(Saved entries)
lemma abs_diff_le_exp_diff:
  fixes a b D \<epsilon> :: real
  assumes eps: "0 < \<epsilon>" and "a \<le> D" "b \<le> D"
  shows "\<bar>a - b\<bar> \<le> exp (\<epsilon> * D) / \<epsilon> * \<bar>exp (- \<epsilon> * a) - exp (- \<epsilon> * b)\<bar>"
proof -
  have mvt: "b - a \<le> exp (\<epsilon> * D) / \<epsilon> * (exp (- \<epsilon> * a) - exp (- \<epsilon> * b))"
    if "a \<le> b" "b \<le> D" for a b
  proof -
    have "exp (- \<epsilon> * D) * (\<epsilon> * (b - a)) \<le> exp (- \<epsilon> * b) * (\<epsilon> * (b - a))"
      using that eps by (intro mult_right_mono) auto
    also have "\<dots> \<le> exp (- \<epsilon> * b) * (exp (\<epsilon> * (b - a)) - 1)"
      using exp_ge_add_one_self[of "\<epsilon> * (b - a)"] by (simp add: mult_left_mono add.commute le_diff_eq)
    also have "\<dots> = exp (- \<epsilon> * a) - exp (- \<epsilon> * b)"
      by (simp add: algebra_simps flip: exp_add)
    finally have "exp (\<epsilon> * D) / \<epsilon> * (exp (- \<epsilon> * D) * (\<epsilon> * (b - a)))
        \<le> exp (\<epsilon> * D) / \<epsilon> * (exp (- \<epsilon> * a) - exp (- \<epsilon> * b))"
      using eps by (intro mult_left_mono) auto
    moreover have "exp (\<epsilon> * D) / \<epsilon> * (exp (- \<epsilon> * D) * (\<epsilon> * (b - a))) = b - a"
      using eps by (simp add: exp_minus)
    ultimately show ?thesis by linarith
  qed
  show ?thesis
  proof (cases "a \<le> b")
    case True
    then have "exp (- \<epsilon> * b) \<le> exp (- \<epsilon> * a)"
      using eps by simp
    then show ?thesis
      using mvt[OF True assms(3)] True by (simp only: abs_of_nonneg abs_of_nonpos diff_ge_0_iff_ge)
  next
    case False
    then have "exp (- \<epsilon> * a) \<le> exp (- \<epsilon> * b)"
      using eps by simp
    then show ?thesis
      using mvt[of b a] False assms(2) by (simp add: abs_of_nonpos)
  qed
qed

...

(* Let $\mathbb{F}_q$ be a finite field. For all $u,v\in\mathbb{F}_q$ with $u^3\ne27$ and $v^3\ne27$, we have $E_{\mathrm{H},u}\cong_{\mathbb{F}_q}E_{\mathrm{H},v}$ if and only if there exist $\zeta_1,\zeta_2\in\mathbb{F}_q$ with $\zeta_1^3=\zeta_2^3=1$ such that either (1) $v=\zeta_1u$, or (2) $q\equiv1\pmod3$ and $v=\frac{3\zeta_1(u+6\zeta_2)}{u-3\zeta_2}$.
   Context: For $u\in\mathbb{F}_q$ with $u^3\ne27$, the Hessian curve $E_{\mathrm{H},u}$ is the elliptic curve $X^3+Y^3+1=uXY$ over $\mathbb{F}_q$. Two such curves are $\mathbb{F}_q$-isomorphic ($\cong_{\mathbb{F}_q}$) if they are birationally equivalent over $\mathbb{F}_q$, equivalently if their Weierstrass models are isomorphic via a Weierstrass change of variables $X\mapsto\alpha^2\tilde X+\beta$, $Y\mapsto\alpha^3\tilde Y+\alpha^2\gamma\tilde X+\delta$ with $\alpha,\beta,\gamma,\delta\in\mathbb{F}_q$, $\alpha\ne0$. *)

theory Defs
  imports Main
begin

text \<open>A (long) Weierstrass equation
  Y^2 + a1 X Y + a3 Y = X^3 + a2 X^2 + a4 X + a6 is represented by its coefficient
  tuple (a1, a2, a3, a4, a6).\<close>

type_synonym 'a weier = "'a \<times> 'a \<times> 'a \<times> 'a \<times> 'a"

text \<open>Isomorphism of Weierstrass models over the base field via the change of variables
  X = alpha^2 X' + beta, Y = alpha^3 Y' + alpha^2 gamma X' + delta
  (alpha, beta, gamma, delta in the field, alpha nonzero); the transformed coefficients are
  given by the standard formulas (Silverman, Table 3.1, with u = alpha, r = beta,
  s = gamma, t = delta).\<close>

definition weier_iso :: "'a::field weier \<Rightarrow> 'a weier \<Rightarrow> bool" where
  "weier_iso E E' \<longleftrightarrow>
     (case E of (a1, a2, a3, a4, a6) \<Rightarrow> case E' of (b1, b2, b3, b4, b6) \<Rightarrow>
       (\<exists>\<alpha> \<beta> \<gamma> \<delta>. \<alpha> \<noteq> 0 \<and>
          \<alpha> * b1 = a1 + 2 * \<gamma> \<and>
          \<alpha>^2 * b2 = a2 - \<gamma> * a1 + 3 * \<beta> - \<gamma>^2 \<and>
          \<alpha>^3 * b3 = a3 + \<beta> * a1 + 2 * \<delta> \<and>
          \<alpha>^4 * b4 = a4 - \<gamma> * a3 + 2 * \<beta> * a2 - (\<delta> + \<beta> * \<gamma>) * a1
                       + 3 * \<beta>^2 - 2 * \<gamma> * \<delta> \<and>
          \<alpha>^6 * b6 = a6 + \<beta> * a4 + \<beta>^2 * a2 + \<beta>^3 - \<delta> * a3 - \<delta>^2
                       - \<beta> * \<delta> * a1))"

• _Work required_: The answer is the lines above between the line holding "E E' \<longleftrightarrow>" and the line holding "2 * \<gamma> \<and>", inclusive, each written out exactly, and no others.

• _Output below_:
  "weier_iso E E' \<longleftrightarrow>
     (case E of (a1, a2, a3, a4, a6) \<Rightarrow> case E' of (b1, b2, b3, b4, b6) \<Rightarrow>
       (\<exists>\<alpha> \<beta> \<gamma> \<delta>. \<alpha> \<noteq> 0 \<and>
          \<alpha> * b1 = a1 + 2 * \<gamma> \<and>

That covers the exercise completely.